lemma linear_recurrence_backward_vec_eq_0:
  fixes a :: "nat \<Rightarrow> real" and \<sigma> :: "nat \<Rightarrow> real vec"
  assumes lead: "a K \<noteq> 0" and carrier: "\<forall>s. \<sigma> s \<in> carrier_vec m"
    and tail: "\<forall>s\<ge>N. \<sigma> s = 0\<^sub>v m"
    and recurrence: "\<forall>l<N. vec_lincomb m a (\<lambda>k. \<sigma> (l + K - k)) {..K} = 0\<^sub>v m"
  shows "\<sigma> s = 0\<^sub>v m"
proof (rule eq_vecI)
  fix b assume "b < dim_vec (0\<^sub>v m)"
  hence b: "b < m"
    by simp
  have "\<sigma> s $ b = 0"
  proof (rule linear_recurrence_backward_eq_0[of a K N "\<lambda>s. \<sigma> s $ b", OF lead])
    show "\<forall>s\<ge>N. \<sigma> s $ b = 0"
      using tail b by simp
    show "\<forall>l<N. (\<Sum>k\<le>K. a k * \<sigma> (l + K - k) $ b) = 0"
      using recurrence b by (metis index_vec_lincomb index_zero_vec(1))
  qed
  thus "\<sigma> s $ b = 0\<^sub>v m $ b"
    using b by simp
qed (use carrier in simp)

lemma linear_recurrence_forward_vec_eq_0:
  fixes a :: "nat \<Rightarrow> real" and y :: "nat \<Rightarrow> real vec"
  assumes lead: "a K \<noteq> 0" and carrier: "\<forall>j. y j \<in> carrier_vec m"
    and init: "\<forall>j<K. y j = 0\<^sub>v m"
    and recurrence: "\<forall>i. vec_lincomb m a (\<lambda>k. y (k + i)) {..K} = 0\<^sub>v m"
  shows "y j = 0\<^sub>v m"
proof (rule eq_vecI)
  fix b assume "b < dim_vec (0\<^sub>v m)"
  hence b: "b < m"
    by simp
  have "y j $ b = 0"
  proof (rule linear_recurrence_forward_eq_0[of a K "\<lambda>j. y j $ b" j, OF lead])
    show "\<forall>j<K. y j $ b = 0"
      using init b by simp
    show "\<forall>i. (\<Sum>k\<le>K. a k * y (k + i) $ b) = 0"
      using recurrence b by (metis index_vec_lincomb index_zero_vec(1))
  qed
  thus "y j $ b = 0\<^sub>v m $ b"
    using b by simp
qed (use carrier in simp)

section \<open>Trajectories\<close>

lemma is_traj_carrier:
  assumes "is_traj n m A B T x u" and "k < T"
  shows "x k \<in> carrier_vec n" and "u k \<in> carrier_vec m"
  using assms unfolding is_traj_def by auto

lemma is_traj_shift:
  assumes "is_traj n m A B T x u" and "c + L \<le> T"
  shows "is_traj n m A B L (\<lambda>k. x (c + k)) (\<lambda>k. u (c + k))"
  unfolding is_traj_def
proof (intro conjI allI impI)
  fix k assume "k + 1 < L"
  hence "(c + k) + 1 < T"
    using assms(2) by simp
  hence "x ((c + k) + 1) = A *\<^sub>v x (c + k) + B *\<^sub>v u (c + k)"
    using assms(1) unfolding is_traj_def by blast
  thus "x (c + (k + 1)) = A *\<^sub>v x (c + k) + B *\<^sub>v u (c + k)"
    by (simp add: add.assoc)
qed (use assms in \<open>auto simp: is_traj_def\<close>)

lemma is_traj_smult:
  assumes A: "A \<in> carrier_mat n n" and B: "B \<in> carrier_mat n m" and traj: "is_traj n m A B T x u"
  shows "is_traj n m A B T (\<lambda>k. a \<cdot>\<^sub>v x k) (\<lambda>k. a \<cdot>\<^sub>v u k)"
  unfolding is_traj_def
proof (intro conjI allI impI)
  fix k assume k: "k + 1 < T"
  have x: "x k \<in> carrier_vec n" and u: "u k \<in> carrier_vec m"
    using traj k unfolding is_traj_def by auto
  have "a \<cdot>\<^sub>v x (k + 1) = a \<cdot>\<^sub>v (A *\<^sub>v x k) + a \<cdot>\<^sub>v (B *\<^sub>v u k)"
    using traj k smult_add_distrib_vec[of "A *\<^sub>v x k" n "B *\<^sub>v u k" a] A B x u
    unfolding is_traj_def by simp
  thus "a \<cdot>\<^sub>v x (k + 1) = A *\<^sub>v (a \<cdot>\<^sub>v x k) + B *\<^sub>v (a \<cdot>\<^sub>v u k)"
    using mult_mat_vec[OF A x] mult_mat_vec[OF B u] by simp
qed (use traj in \<open>auto simp: is_traj_def\<close>)

lemma is_traj_lincomb:
  assumes A: "A \<in> carrier_mat n n" and B: "B \<in> carrier_mat n m"
    and trajs: "\<forall>j\<in>J. is_traj n m A B T (xs j) (us j)"
  shows "is_traj n m A B T (\<lambda>k. vec_lincomb n c (\<lambda>j. xs j k) J) (\<lambda>k. vec_lincomb m c (\<lambda>j. us j k) J)"
  unfolding is_traj_def
proof (intro conjI allI impI)
  fix k assume k: "k + 1 < T"
  have carrier: "\<forall>j\<in>J. xs j k \<in> carrier_vec n \<and> us j k \<in> carrier_vec m"
    using trajs k unfolding is_traj_def by auto
  have step: "\<forall>j\<in>J. xs j (k + 1) = A *\<^sub>v xs j k + B *\<^sub>v us j k"
    using trajs k unfolding is_traj_def by blast
  have "vec_lincomb n c (\<lambda>j. xs j (k + 1)) J = vec_lincomb n c (\<lambda>j. A *\<^sub>v xs j k + B *\<^sub>v us j k) J"
    unfolding vec_lincomb_def using step by (intro arg_cong[where f = "vec n"] ext sum.cong) auto
  also have "\<dots> = vec_lincomb n c (\<lambda>j. A *\<^sub>v xs j k) J + vec_lincomb n c (\<lambda>j. B *\<^sub>v us j k) J"
    using carrier A B by (intro vec_lincomb_add) auto
  also have "\<dots> = A *\<^sub>v vec_lincomb n c (\<lambda>j. xs j k) J + B *\<^sub>v vec_lincomb m c (\<lambda>j. us j k) J"
    using carrier by (simp add: mult_mat_vec_lincomb[OF A] mult_mat_vec_lincomb[OF B])
  finally show "vec_lincomb n c (\<lambda>j. xs j (k + 1)) J =
      A *\<^sub>v vec_lincomb n c (\<lambda>j. xs j k) J + B *\<^sub>v vec_lincomb m c (\<lambda>j. us j k) J" .
qed auto

lemma is_traj_unique:
  assumes "is_traj n m A B L x u" and "is_traj n m A B L x' u'"
    and "x 0 = x' 0" and "\<forall>k<L. u k = u' k"
  shows "k < L \<Longrightarrow> x k = x' k"
proof (induction k)
  case (Suc k)
  hence "k + 1 < L" and "x k = x' k" and "u k = u' k"
    using assms(4) by auto
  thus ?case
    using assms(1,2) unfolding is_traj_def by simp
qed (use assms in simp)

lemma lincomb_traj_eq:
  assumes A: "A \<in> carrier_mat n n" and B: "B \<in> carrier_mat n m"
    and trajs: "\<forall>j\<in>J. is_traj n m A B L (xs j) (us j)" and traj: "is_traj n m A B L x u"
    and init: "vec_lincomb n c (\<lambda>j. xs j 0) J = x 0"
    and inputs: "\<forall>k<L. vec_lincomb m c (\<lambda>j. us j k) J = u k"
  shows "\<forall>k<L. vec_lincomb n c (\<lambda>j. xs j k) J = x k"
  using is_traj_unique[OF is_traj_lincomb[OF A B trajs] traj init inputs] by blast

lemma variation_of_constants:
  assumes A: "A \<in> carrier_mat n n" and B: "B \<in> carrier_mat n m"
    and traj: "is_traj n m A B T x u"
  shows "k < T \<Longrightarrow> \<xi> \<in> carrier_vec n \<Longrightarrow> \<xi> \<bullet> x k =
    (transpose_mat A ^\<^sub>m k *\<^sub>v \<xi>) \<bullet> x 0 +
    (\<Sum>l<k. (transpose_mat B *\<^sub>v (transpose_mat A ^\<^sub>m (k - 1 - l) *\<^sub>v \<xi>)) \<bullet> u l)"
proof (induction k arbitrary: \<xi>)
  case 0
  thus ?case
    using A by simp
next
  case (Suc k)
  define \<xi>' where "\<xi>' = transpose_mat A *\<^sub>v \<xi>"
  have \<xi>': "\<xi>' \<in> carrier_vec n"
    unfolding \<xi>'_def using A Suc.prems(2) by simp
  have x: "x k \<in> carrier_vec n" and u: "u k \<in> carrier_vec m"
    using traj Suc.prems unfolding is_traj_def by auto
  have step: "x (Suc k) = A *\<^sub>v x k + B *\<^sub>v u k"
    using traj Suc.prems unfolding is_traj_def by (metis Suc_eq_plus1)
  have power: "transpose_mat A ^\<^sub>m j *\<^sub>v \<xi>' = transpose_mat A ^\<^sub>m Suc j *\<^sub>v \<xi>" for j
    unfolding \<xi>'_def using A Suc.prems(2)
    by (simp add: assoc_mult_mat_vec[of _ n n _ n])
  have "\<xi> \<bullet> x (Suc k) = \<xi>' \<bullet> x k + (transpose_mat B *\<^sub>v \<xi>) \<bullet> u k"
    unfolding step \<xi>'_def using A B x u Suc.prems(2)
    by (simp add: scalar_prod_add_distrib[of _ n] transpose_vec_mult_scalar)
  also have "\<xi>' \<bullet> x k = (transpose_mat A ^\<^sub>m Suc k *\<^sub>v \<xi>) \<bullet> x 0 +
      (\<Sum>l<k. (transpose_mat B *\<^sub>v (transpose_mat A ^\<^sub>m (Suc k - 1 - l) *\<^sub>v \<xi>)) \<bullet> u l)"
    using Suc.IH[OF _ \<xi>'] Suc.prems(1) unfolding power by (simp add: Suc_diff_Suc)
  finally show ?case
    using A Suc.prems(2) by simp
qed

lemma controllable_covector_eq_0:
  assumes A: "A \<in> carrier_mat n n" and B: "B \<in> carrier_mat n m" and ctrl: "controllable A B"
    and \<xi>: "\<xi> \<in> carrier_vec n"
    and unobservable: "\<forall>j. transpose_mat B *\<^sub>v (transpose_mat A ^\<^sub>m j *\<^sub>v \<xi>) = 0\<^sub>v m"
  shows "\<xi> = 0\<^sub>v n"
proof -
  define Ms where "Ms = map (\<lambda>k. A ^\<^sub>m k * B) [0..<n]"
  define C where "C = hcat_list n Ms"
  have rows: "\<forall>M\<in>set Ms. dim_row M = n"
    unfolding Ms_def using A by auto
  have C: "C \<in> carrier_mat n (dim_col C)"
    unfolding C_def using dim_row_hcat_list[OF rows] by auto
  have rank: "mat_rank C = n"
    using ctrl A unfolding controllable_def C_def Ms_def by simp
  show ?thesis
  proof (rule mat_rank_full_imp_left_kernel_trivial[OF C rank \<xi>], intro allI impI)
    fix j assume "j < dim_col C"
    hence "col C j \<in> set (concat (map cols Ms))"
      unfolding C_def cols_hcat_list[OF rows, symmetric] by (metis cols_length cols_nth nth_mem)
    then obtain k where k: "k < n" and "col C j \<in> set (cols (A ^\<^sub>m k * B))"
      unfolding Ms_def by auto
    then obtain j' where j': "j' < m" and "col C j = col (A ^\<^sub>m k * B) j'"
      using A B by (auto simp: cols_def)
    hence col: "col C j = A ^\<^sub>m k *\<^sub>v col B j'"
      using col_mult2[OF pow_carrier_mat[OF A] B j'] by simp
    have colB: "col B j' \<in> carrier_vec n"
      using B j' by simp
    have y: "transpose_mat A ^\<^sub>m k *\<^sub>v \<xi> \<in> carrier_vec n"
      using mult_mat_vec_carrier[OF pow_carrier_mat \<xi>] A by simp
    have "col C j \<bullet> \<xi> = \<xi> \<bullet> (A ^\<^sub>m k *\<^sub>v col B j')"
      unfolding col using comm_scalar_prod[OF mult_mat_vec_carrier[OF pow_carrier_mat[OF A] colB] \<xi>] .
    also have "\<dots> = (transpose_mat (A ^\<^sub>m k) *\<^sub>v \<xi>) \<bullet> col B j'"
      using transpose_vec_mult_scalar[OF pow_carrier_mat[OF A] colB \<xi>] by simp
    also have "\<dots> = (transpose_mat B *\<^sub>v (transpose_mat A ^\<^sub>m k *\<^sub>v \<xi>)) $ j'"
      using B j' comm_scalar_prod[OF y colB] by (simp add: transpose_pow_mat[OF A])
    also have "\<dots> = 0"
      using unobservable j' by simp
    finally show "col C j \<bullet> \<xi> = 0" .
  qed
qed

lemma covector_powers_B_eq_0:
  assumes A: "A \<in> carrier_mat n n" and B: "B \<in> carrier_mat n m" and \<xi>: "\<xi> \<in> carrier_vec n"
    and lead: "a K \<noteq> 0"
    and relation: "vec_lincomb n a (\<lambda>k. transpose_mat A ^\<^sub>m k *\<^sub>v \<xi>) {..K} = 0\<^sub>v n"
    and init: "\<forall>j<K. transpose_mat B *\<^sub>v (transpose_mat A ^\<^sub>m j *\<^sub>v \<xi>) = 0\<^sub>v m"
  shows "transpose_mat B *\<^sub>v (transpose_mat A ^\<^sub>m j *\<^sub>v \<xi>) = 0\<^sub>v m"
proof -
  have AT: "transpose_mat A \<in> carrier_mat n n" and BT: "transpose_mat B \<in> carrier_mat m n"
    using A B by auto
  have power_carrier: "transpose_mat A ^\<^sub>m k *\<^sub>v \<xi> \<in> carrier_vec n" for k
    using mult_mat_vec_carrier[OF pow_carrier_mat[OF AT] \<xi>] .
  have "vec_lincomb m a (\<lambda>k. transpose_mat B *\<^sub>v (transpose_mat A ^\<^sub>m (k + i) *\<^sub>v \<xi>)) {..K} = 0\<^sub>v m"
    for i
  proof -
    define P where "P = transpose_mat B * transpose_mat A ^\<^sub>m i"
    have P: "P \<in> carrier_mat m n"
      unfolding P_def using AT BT by simp
    have "transpose_mat B *\<^sub>v (transpose_mat A ^\<^sub>m (k + i) *\<^sub>v \<xi>) = P *\<^sub>v (transpose_mat A ^\<^sub>m k *\<^sub>v \<xi>)"
      for k
      unfolding P_def using pow_mat_add[OF AT, of i k]
        assoc_mult_mat_vec[OF pow_carrier_mat[OF AT] pow_carrier_mat[OF AT] \<xi>]
        assoc_mult_mat_vec[OF BT pow_carrier_mat[OF AT] power_carrier]
      by (simp add: add.commute)
    hence "vec_lincomb m a (\<lambda>k. transpose_mat B *\<^sub>v (transpose_mat A ^\<^sub>m (k + i) *\<^sub>v \<xi>)) {..K} =
        P *\<^sub>v vec_lincomb n a (\<lambda>k. transpose_mat A ^\<^sub>m k *\<^sub>v \<xi>) {..K}"
      using mult_mat_vec_lincomb[OF P, of "{..K}" "\<lambda>k. transpose_mat A ^\<^sub>m k *\<^sub>v \<xi>" a] power_carrier
      by simp
    thus ?thesis
      unfolding relation using mult_mat_vec_zero[OF P] by simp
  qed
  thus ?thesis
    using mult_mat_vec_carrier[OF BT power_carrier]
    by (intro linear_recurrence_forward_vec_eq_0[of a K, OF lead _ init]) blast+
qed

########

Find the line with "define Ms where" in the material above. Reproduce it and each line after it up to and including the line with "k *\<^sub>v \<xi>))".

### [SOLUTION FOR THIS PROBLEM]
  define Ms where "Ms = map (\<lambda>k. A ^\<^sub>m k * B) [0..<n]"
  define C where "C = hcat_list n Ms"
  have rows: "\<forall>M\<in>set Ms. dim_row M = n"
    unfolding Ms_def using A by auto
  have C: "C \<in> carrier_mat n (dim_col C)"
    unfolding C_def using dim_row_hcat_list[OF rows] by auto
  have rank: "mat_rank C = n"
    using ctrl A unfolding controllable_def C_def Ms_def by simp
  show ?thesis
  proof (rule mat_rank_full_imp_left_kernel_trivial[OF C rank \<xi>], intro allI impI)
    fix j assume "j < dim_col C"
    hence "col C j \<in> set (concat (map cols Ms))"
      unfolding C_def cols_hcat_list[OF rows, symmetric] by (metis cols_length cols_nth nth_mem)
    then obtain k where k: "k < n" and "col C j \<in> set (cols (A ^\<^sub>m k * B))"
      unfolding Ms_def by auto
    then obtain j' where j': "j' < m" and "col C j = col (A ^\<^sub>m k * B) j'"
      using A B by (auto simp: cols_def)
    hence col: "col C j = A ^\<^sub>m k *\<^sub>v col B j'"
      using col_mult2[OF pow_carrier_mat[OF A] B j'] by simp
    have colB: "col B j' \<in> carrier_vec n"
      using B j' by simp
    have y: "transpose_mat A ^\<^sub>m k *\<^sub>v \<xi> \<in> carrier_vec n"
      using mult_mat_vec_carrier[OF pow_carrier_mat \<xi>] A by simp
    have "col C j \<bullet> \<xi> = \<xi> \<bullet> (A ^\<^sub>m k *\<^sub>v col B j')"
      unfolding col using comm_scalar_prod[OF mult_mat_vec_carrier[OF pow_carrier_mat[OF A] colB] \<xi>] .
    also have "\<dots> = (transpose_mat (A ^\<^sub>m k) *\<^sub>v \<xi>) \<bullet> col B j'"
      using transpose_vec_mult_scalar[OF pow_carrier_mat[OF A] colB \<xi>] by simp
    also have "\<dots> = (transpose_mat B *\<^sub>v (transpose_mat A ^\<^sub>m k *\<^sub>v \<xi>)) $ j'"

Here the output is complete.